Records contained in a dataset
▼

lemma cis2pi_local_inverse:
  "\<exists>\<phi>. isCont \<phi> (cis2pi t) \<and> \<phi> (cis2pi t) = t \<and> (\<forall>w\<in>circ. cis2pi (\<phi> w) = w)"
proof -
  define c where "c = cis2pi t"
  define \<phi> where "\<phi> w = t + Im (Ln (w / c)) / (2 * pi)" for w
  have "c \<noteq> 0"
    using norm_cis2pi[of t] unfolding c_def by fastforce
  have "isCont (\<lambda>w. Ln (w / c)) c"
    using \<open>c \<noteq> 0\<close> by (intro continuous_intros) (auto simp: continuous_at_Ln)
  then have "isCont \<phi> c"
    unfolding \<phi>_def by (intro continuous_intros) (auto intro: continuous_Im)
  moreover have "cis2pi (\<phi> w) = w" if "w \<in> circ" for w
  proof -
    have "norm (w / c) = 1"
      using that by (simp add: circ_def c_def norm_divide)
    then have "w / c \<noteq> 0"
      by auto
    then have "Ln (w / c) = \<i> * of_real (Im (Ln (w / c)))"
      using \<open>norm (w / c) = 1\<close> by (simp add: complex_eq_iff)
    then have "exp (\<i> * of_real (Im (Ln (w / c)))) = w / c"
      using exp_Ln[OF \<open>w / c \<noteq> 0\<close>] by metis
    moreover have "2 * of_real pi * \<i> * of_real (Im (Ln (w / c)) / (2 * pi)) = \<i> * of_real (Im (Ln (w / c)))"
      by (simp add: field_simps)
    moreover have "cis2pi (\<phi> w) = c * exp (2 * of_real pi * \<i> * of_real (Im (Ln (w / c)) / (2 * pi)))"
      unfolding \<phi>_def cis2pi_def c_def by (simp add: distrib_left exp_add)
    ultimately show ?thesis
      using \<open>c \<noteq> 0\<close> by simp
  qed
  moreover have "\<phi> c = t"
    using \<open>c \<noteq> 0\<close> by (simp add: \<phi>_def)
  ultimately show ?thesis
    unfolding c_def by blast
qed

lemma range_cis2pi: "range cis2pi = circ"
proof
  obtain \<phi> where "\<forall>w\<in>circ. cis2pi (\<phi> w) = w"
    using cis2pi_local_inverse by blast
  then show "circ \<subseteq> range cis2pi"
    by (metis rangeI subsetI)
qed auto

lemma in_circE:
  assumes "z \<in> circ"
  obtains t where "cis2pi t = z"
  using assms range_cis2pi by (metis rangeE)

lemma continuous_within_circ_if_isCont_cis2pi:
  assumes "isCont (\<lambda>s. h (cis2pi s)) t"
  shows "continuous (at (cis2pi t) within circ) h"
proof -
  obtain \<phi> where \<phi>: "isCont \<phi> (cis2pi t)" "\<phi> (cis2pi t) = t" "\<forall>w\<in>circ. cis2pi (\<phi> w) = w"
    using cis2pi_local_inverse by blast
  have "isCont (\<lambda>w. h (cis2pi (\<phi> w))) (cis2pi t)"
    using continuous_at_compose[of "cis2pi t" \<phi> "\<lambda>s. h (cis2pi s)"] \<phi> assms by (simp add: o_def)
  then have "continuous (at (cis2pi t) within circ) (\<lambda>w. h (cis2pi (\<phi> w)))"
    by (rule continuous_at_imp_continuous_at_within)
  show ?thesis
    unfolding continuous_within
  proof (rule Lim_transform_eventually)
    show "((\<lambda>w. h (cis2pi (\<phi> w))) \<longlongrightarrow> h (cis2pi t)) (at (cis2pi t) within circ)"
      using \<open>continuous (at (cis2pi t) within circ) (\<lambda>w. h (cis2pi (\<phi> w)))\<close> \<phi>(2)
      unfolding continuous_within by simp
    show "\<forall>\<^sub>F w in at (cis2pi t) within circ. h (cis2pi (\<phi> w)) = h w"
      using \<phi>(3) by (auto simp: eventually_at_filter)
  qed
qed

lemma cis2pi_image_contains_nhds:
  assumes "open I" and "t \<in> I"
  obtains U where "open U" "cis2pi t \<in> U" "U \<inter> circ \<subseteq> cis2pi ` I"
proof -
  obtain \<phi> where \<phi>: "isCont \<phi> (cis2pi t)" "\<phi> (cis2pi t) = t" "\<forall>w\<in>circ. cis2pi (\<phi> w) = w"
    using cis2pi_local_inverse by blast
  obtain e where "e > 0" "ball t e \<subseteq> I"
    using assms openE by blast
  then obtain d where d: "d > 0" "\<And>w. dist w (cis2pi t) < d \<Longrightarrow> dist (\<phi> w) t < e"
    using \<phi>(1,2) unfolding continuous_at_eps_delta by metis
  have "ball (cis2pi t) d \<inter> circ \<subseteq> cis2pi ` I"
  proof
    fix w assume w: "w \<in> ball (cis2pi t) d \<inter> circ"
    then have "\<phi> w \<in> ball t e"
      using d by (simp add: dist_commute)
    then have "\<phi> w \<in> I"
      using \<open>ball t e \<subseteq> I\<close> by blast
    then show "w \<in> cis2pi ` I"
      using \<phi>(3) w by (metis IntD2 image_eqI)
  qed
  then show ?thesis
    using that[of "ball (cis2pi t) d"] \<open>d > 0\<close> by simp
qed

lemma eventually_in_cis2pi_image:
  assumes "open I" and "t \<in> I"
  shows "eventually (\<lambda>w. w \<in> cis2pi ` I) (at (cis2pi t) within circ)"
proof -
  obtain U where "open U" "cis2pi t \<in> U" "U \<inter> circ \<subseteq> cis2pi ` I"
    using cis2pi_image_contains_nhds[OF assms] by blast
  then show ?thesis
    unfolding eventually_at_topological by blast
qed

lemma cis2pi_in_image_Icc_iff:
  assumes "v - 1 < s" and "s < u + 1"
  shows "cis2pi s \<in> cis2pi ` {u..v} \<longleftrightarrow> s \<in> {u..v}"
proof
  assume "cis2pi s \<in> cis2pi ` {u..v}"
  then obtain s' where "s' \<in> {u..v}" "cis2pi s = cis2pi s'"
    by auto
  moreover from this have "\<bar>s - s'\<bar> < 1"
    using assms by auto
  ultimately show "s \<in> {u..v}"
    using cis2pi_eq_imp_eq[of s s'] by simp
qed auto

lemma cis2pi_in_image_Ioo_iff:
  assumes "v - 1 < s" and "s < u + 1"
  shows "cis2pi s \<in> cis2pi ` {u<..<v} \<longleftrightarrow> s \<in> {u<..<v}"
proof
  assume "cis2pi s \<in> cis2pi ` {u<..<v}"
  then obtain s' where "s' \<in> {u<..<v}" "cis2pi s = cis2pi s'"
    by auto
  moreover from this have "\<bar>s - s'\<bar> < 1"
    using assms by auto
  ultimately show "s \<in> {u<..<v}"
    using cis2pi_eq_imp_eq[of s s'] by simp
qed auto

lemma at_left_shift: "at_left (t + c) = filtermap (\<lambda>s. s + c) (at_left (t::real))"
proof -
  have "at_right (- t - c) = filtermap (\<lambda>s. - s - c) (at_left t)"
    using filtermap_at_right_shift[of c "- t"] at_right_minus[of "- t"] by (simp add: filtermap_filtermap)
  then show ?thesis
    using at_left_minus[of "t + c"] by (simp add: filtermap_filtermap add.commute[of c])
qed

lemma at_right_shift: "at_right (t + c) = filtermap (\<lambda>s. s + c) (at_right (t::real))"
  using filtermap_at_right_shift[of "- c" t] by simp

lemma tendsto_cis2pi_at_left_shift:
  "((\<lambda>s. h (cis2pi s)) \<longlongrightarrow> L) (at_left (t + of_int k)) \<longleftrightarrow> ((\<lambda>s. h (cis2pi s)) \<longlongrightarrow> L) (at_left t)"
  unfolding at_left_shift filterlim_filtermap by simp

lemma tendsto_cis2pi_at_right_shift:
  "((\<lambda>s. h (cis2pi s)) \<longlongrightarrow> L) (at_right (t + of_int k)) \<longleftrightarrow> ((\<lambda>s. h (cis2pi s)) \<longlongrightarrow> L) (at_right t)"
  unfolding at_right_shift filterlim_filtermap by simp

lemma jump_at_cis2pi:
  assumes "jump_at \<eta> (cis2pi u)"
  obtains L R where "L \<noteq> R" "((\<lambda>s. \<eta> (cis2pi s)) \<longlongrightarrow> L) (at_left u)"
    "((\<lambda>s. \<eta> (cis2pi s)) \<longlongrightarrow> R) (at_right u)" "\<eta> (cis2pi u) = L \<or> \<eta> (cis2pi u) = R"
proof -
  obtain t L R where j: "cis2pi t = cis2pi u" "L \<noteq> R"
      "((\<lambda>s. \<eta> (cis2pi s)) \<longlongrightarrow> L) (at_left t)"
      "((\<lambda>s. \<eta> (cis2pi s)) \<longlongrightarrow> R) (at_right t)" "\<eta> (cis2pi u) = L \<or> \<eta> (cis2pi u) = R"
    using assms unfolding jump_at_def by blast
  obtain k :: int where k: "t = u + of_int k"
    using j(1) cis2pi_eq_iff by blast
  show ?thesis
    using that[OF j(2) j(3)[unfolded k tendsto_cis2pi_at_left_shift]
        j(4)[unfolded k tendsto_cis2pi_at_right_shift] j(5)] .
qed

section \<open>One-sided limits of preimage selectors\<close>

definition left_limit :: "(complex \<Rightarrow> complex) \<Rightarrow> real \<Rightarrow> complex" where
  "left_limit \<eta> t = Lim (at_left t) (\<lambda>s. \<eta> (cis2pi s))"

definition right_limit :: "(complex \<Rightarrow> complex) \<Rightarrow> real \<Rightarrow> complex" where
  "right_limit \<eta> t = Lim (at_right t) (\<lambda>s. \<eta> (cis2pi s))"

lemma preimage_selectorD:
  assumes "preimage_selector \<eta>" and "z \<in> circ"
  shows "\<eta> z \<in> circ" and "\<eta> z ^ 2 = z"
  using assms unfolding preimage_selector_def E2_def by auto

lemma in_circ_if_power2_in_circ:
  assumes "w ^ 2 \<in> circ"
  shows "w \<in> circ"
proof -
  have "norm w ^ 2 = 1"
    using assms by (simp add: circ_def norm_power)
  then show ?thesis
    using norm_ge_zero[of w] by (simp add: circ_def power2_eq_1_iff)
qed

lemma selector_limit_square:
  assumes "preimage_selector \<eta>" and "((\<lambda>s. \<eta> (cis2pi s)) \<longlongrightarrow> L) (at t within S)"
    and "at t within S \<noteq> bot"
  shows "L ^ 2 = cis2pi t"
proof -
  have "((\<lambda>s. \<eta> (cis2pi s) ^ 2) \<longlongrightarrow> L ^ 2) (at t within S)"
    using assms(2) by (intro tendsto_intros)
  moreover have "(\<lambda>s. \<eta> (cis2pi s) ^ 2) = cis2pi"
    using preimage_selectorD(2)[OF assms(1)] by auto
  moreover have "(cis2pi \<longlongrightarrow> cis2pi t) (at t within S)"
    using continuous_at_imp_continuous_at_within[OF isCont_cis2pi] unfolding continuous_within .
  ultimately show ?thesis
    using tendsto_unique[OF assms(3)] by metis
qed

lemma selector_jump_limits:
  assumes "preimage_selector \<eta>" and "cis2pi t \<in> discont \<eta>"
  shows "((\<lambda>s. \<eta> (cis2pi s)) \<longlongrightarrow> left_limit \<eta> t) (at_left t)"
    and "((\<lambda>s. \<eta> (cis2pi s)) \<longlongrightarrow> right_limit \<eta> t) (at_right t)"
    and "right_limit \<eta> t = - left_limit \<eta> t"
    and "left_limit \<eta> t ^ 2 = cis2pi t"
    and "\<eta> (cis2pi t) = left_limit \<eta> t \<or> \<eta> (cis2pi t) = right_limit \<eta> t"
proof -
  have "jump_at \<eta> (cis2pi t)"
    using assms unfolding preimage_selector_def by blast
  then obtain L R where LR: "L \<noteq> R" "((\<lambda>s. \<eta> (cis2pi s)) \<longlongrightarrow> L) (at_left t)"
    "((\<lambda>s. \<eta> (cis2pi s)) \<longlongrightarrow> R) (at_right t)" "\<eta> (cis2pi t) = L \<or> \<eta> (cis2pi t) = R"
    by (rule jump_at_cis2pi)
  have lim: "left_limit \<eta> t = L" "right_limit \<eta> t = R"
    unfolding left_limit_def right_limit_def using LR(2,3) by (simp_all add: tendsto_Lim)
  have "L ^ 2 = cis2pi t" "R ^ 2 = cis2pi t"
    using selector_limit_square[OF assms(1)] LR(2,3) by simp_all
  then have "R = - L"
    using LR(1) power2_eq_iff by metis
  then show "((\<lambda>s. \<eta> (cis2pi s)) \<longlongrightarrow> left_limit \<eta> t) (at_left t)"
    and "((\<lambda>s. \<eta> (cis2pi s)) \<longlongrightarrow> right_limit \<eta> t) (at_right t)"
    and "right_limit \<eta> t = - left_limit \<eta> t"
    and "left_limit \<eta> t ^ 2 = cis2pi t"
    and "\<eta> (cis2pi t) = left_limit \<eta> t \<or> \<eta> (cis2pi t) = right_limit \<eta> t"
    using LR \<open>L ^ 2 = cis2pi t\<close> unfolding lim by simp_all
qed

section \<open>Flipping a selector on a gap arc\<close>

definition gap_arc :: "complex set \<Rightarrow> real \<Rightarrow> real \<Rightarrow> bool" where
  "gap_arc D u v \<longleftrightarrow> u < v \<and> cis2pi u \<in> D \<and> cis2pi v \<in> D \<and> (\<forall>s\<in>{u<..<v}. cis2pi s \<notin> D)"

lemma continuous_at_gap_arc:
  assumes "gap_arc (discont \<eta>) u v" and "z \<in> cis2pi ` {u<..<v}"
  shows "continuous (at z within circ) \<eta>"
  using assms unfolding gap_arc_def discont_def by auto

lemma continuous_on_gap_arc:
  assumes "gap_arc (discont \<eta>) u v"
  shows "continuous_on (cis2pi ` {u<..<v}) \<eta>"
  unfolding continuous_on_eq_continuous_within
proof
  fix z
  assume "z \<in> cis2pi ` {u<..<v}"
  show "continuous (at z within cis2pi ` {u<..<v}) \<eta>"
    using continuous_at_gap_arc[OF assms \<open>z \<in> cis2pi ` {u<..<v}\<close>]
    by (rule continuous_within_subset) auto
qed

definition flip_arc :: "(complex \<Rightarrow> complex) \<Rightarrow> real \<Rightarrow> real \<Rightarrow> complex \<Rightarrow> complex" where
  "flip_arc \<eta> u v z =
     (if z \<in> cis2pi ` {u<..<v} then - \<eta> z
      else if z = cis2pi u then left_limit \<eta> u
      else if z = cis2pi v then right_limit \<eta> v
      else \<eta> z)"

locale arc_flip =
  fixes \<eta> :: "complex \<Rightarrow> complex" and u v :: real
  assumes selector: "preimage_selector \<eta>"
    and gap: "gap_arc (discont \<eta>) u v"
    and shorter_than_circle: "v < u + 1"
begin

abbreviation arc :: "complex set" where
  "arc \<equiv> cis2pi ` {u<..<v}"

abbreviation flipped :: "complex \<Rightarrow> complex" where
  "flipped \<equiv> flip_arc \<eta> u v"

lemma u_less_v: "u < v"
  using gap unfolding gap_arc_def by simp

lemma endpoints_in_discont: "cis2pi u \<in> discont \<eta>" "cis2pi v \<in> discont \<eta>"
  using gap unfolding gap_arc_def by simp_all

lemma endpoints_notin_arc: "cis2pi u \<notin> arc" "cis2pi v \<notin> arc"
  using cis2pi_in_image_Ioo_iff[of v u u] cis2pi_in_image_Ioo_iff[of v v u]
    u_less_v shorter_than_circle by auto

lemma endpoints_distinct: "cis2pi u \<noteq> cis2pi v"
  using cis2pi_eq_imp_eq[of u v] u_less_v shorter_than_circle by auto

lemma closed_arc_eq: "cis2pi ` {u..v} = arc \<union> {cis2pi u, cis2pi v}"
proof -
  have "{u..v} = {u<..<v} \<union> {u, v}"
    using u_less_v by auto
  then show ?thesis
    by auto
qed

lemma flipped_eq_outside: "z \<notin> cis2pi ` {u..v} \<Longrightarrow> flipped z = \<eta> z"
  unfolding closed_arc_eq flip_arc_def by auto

▲

Using the entries above, count the lines that have the string "obtains" in them. Answer with that number only.

3